TASK TO COMPLETE: Only the lines below between the ones containing "using N by (intro rad2_sq_embed) (auto simp: a'_def" and "unfolding power_mult_distrib using", inclusive, are to be reproduced, each exactly as it stands.
:: SOURCE DATA ::
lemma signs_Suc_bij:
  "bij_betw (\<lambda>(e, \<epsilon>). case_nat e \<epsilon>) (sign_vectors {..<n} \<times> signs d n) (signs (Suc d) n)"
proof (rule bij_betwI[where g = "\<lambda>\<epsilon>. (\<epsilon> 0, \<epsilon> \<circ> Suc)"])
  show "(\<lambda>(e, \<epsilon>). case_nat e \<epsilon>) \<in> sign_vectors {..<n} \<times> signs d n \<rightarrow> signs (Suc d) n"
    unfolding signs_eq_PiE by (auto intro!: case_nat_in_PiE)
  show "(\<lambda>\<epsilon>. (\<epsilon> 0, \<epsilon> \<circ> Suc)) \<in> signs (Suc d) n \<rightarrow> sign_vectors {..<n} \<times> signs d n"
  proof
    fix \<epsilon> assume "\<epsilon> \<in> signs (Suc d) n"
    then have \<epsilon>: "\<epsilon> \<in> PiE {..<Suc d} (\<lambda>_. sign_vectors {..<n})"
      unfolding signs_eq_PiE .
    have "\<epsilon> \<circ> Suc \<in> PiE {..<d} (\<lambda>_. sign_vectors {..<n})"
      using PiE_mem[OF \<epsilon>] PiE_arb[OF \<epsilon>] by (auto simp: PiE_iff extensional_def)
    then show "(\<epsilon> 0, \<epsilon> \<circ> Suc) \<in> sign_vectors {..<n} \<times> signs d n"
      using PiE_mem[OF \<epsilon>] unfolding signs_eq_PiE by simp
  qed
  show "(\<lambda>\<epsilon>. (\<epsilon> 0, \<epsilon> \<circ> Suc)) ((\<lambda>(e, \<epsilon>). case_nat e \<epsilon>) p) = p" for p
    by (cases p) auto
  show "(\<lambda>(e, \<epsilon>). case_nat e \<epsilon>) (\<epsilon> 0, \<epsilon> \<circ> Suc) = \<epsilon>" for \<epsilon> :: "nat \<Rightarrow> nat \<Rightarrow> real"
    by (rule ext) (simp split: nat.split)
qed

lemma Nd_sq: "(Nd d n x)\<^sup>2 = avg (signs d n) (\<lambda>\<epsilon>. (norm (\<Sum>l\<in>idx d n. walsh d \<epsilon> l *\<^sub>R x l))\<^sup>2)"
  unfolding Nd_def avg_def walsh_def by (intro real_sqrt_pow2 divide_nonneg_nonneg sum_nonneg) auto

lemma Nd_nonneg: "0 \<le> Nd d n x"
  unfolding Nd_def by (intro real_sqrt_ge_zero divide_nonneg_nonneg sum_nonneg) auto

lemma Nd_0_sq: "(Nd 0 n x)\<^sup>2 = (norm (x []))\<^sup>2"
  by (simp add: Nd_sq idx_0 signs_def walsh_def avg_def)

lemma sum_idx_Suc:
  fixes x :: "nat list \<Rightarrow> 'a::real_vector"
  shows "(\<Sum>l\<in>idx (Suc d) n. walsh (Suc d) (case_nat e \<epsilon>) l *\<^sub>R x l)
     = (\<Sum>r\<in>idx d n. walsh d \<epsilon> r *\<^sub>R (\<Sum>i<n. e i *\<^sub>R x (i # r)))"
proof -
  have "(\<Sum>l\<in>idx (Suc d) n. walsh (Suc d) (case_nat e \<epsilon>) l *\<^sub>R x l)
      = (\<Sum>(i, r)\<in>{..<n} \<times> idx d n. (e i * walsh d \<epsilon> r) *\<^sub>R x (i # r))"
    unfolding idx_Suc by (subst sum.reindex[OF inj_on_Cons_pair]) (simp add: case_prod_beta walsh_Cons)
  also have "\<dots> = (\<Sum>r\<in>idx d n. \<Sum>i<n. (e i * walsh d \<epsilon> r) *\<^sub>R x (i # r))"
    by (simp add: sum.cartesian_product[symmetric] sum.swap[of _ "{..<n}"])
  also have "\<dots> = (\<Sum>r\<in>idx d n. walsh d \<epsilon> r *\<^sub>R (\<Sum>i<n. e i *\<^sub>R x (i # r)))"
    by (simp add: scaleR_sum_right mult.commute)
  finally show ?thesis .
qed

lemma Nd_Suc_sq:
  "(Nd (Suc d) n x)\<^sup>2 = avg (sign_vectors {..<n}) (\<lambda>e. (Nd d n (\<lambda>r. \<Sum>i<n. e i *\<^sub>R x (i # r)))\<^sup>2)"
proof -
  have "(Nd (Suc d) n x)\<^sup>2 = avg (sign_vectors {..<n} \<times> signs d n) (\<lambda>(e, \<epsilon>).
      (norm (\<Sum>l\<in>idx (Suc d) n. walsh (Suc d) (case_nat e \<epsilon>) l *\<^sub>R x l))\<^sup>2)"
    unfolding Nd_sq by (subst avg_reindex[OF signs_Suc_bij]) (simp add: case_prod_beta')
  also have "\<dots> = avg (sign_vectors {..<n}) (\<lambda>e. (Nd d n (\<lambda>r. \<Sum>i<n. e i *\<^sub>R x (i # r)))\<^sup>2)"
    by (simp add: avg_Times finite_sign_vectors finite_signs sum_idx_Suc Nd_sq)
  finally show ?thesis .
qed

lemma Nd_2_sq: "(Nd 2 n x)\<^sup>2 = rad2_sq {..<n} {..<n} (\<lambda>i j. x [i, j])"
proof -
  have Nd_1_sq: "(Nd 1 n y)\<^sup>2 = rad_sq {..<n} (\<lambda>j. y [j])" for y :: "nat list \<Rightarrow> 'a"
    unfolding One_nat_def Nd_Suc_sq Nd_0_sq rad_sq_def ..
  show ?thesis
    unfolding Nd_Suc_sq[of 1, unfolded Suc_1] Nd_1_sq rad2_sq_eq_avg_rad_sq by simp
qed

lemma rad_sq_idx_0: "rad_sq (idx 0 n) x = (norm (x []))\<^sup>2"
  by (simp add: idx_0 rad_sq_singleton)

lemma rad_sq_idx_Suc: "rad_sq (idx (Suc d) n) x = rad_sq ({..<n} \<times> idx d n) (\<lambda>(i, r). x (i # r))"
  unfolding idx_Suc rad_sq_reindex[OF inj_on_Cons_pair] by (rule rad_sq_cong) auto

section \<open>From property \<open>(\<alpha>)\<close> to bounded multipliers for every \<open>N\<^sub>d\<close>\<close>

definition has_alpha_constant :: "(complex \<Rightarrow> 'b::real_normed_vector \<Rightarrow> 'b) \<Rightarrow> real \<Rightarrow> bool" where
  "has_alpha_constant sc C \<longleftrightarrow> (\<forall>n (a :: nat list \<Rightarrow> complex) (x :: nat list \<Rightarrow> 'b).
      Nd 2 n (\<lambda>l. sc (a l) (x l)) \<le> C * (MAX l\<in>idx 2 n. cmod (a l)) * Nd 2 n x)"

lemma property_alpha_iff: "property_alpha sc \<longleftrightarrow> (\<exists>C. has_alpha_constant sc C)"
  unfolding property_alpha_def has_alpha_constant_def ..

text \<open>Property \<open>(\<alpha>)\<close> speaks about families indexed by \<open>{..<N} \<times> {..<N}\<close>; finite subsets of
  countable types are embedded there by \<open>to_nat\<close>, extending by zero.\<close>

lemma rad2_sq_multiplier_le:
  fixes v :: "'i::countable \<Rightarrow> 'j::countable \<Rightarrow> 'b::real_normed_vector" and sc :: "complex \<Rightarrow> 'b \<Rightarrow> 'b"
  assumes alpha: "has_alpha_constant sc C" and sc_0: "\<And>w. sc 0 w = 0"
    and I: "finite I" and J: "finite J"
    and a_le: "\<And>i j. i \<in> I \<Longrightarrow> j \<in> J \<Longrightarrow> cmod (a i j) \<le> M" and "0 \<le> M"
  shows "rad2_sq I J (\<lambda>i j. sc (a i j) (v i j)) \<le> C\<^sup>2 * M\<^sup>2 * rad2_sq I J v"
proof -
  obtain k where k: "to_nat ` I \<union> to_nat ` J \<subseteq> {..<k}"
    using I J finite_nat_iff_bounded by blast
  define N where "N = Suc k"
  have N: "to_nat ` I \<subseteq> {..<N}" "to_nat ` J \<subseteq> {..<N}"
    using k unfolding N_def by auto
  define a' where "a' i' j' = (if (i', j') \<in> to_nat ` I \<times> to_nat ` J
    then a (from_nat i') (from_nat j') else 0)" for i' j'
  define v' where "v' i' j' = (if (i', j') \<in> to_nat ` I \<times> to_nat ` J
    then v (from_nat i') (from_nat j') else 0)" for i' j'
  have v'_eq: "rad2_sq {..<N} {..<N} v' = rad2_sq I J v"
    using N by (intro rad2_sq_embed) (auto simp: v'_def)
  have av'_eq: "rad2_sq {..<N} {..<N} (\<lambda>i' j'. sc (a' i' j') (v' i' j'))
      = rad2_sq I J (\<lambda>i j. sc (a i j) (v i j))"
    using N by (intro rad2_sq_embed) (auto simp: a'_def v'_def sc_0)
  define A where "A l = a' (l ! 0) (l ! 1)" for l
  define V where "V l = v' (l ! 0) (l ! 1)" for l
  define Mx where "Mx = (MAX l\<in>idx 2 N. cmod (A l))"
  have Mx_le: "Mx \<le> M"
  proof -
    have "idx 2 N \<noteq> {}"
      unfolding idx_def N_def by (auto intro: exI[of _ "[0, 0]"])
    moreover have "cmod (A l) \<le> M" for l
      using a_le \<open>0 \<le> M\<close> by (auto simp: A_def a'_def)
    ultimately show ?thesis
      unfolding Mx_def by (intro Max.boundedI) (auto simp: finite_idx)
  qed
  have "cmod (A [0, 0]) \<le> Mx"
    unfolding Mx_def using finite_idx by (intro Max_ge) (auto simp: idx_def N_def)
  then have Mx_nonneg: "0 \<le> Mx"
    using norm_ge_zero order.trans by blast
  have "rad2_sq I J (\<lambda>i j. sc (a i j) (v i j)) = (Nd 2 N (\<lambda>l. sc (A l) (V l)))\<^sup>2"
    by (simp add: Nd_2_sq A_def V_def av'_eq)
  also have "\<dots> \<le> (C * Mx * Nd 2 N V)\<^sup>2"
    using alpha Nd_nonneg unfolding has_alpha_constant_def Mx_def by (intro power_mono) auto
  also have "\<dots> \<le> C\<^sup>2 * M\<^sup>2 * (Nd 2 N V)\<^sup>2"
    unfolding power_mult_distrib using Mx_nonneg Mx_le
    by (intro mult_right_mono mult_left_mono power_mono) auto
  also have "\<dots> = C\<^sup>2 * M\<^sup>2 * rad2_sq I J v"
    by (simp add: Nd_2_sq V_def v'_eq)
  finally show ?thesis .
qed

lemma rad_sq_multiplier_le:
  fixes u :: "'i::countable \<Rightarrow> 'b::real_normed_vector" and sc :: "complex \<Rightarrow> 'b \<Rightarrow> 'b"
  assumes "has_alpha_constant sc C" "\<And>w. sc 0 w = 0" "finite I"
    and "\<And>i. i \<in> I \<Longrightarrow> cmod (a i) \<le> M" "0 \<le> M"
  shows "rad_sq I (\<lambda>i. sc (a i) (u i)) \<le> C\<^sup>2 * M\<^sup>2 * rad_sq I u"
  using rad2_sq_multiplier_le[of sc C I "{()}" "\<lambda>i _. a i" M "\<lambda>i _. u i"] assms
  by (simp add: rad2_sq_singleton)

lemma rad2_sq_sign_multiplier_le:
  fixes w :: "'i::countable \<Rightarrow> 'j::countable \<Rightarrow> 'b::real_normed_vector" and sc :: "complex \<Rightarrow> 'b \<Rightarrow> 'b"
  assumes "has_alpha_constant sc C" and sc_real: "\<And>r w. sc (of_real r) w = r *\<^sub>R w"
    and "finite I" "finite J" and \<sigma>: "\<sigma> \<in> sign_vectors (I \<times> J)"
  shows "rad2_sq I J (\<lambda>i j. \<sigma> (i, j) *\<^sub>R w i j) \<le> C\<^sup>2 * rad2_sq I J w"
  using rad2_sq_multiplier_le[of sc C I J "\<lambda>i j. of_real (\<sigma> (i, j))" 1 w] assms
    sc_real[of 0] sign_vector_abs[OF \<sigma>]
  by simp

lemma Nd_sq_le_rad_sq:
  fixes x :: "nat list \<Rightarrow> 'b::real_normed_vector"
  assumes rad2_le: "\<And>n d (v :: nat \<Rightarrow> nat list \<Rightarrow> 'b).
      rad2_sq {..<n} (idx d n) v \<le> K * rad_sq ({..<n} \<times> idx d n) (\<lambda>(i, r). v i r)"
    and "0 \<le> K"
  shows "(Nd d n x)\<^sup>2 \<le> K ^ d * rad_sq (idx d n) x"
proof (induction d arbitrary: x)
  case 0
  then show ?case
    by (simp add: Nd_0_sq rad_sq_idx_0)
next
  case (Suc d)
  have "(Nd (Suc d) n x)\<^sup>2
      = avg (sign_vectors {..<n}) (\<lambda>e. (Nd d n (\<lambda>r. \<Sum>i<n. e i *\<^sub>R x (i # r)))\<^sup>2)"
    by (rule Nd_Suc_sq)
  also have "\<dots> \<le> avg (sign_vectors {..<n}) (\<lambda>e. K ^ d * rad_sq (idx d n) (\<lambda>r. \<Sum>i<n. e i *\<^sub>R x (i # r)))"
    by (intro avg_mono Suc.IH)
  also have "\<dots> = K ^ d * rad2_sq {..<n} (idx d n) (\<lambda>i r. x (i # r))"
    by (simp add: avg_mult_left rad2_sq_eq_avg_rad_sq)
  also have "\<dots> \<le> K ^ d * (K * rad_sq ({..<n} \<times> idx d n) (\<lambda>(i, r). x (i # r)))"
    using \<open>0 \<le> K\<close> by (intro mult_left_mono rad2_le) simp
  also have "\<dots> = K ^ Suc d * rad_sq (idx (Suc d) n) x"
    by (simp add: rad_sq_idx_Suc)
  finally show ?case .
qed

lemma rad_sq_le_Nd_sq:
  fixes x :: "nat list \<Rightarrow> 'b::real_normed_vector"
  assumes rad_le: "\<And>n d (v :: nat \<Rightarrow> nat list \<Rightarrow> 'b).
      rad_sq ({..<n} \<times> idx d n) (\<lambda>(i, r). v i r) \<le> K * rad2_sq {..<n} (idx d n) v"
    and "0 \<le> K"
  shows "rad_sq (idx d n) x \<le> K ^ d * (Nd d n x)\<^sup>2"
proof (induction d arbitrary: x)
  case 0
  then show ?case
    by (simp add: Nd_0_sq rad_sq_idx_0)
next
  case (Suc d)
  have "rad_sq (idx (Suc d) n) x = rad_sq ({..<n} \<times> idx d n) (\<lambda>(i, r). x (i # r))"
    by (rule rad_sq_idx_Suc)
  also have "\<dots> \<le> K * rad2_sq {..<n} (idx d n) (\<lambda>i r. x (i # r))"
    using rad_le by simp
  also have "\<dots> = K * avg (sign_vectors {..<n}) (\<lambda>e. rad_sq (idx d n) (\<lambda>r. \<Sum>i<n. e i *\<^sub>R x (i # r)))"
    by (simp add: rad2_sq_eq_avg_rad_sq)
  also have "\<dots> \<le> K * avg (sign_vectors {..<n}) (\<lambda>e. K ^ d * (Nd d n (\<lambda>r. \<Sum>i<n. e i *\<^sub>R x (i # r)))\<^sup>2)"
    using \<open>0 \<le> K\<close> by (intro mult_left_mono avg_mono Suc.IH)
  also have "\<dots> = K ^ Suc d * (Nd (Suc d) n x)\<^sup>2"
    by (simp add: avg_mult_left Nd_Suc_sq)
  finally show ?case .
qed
:::
EXPECTED OUTPUT:
    using N by (intro rad2_sq_embed) (auto simp: a'_def v'_def sc_0)
  define A where "A l = a' (l ! 0) (l ! 1)" for l
  define V where "V l = v' (l ! 0) (l ! 1)" for l
  define Mx where "Mx = (MAX l\<in>idx 2 N. cmod (A l))"
  have Mx_le: "Mx \<le> M"
  proof -
    have "idx 2 N \<noteq> {}"
      unfolding idx_def N_def by (auto intro: exI[of _ "[0, 0]"])
    moreover have "cmod (A l) \<le> M" for l
      using a_le \<open>0 \<le> M\<close> by (auto simp: A_def a'_def)
    ultimately show ?thesis
      unfolding Mx_def by (intro Max.boundedI) (auto simp: finite_idx)
  qed
  have "cmod (A [0, 0]) \<le> Mx"
    unfolding Mx_def using finite_idx by (intro Max_ge) (auto simp: idx_def N_def)
  then have Mx_nonneg: "0 \<le> Mx"
    using norm_ge_zero order.trans by blast
  have "rad2_sq I J (\<lambda>i j. sc (a i j) (v i j)) = (Nd 2 N (\<lambda>l. sc (A l) (V l)))\<^sup>2"
    by (simp add: Nd_2_sq A_def V_def av'_eq)
  also have "\<dots> \<le> (C * Mx * Nd 2 N V)\<^sup>2"
    using alpha Nd_nonneg unfolding has_alpha_constant_def Mx_def by (intro power_mono) auto
  also have "\<dots> \<le> C\<^sup>2 * M\<^sup>2 * (Nd 2 N V)\<^sup>2"
    unfolding power_mult_distrib using Mx_nonneg Mx_le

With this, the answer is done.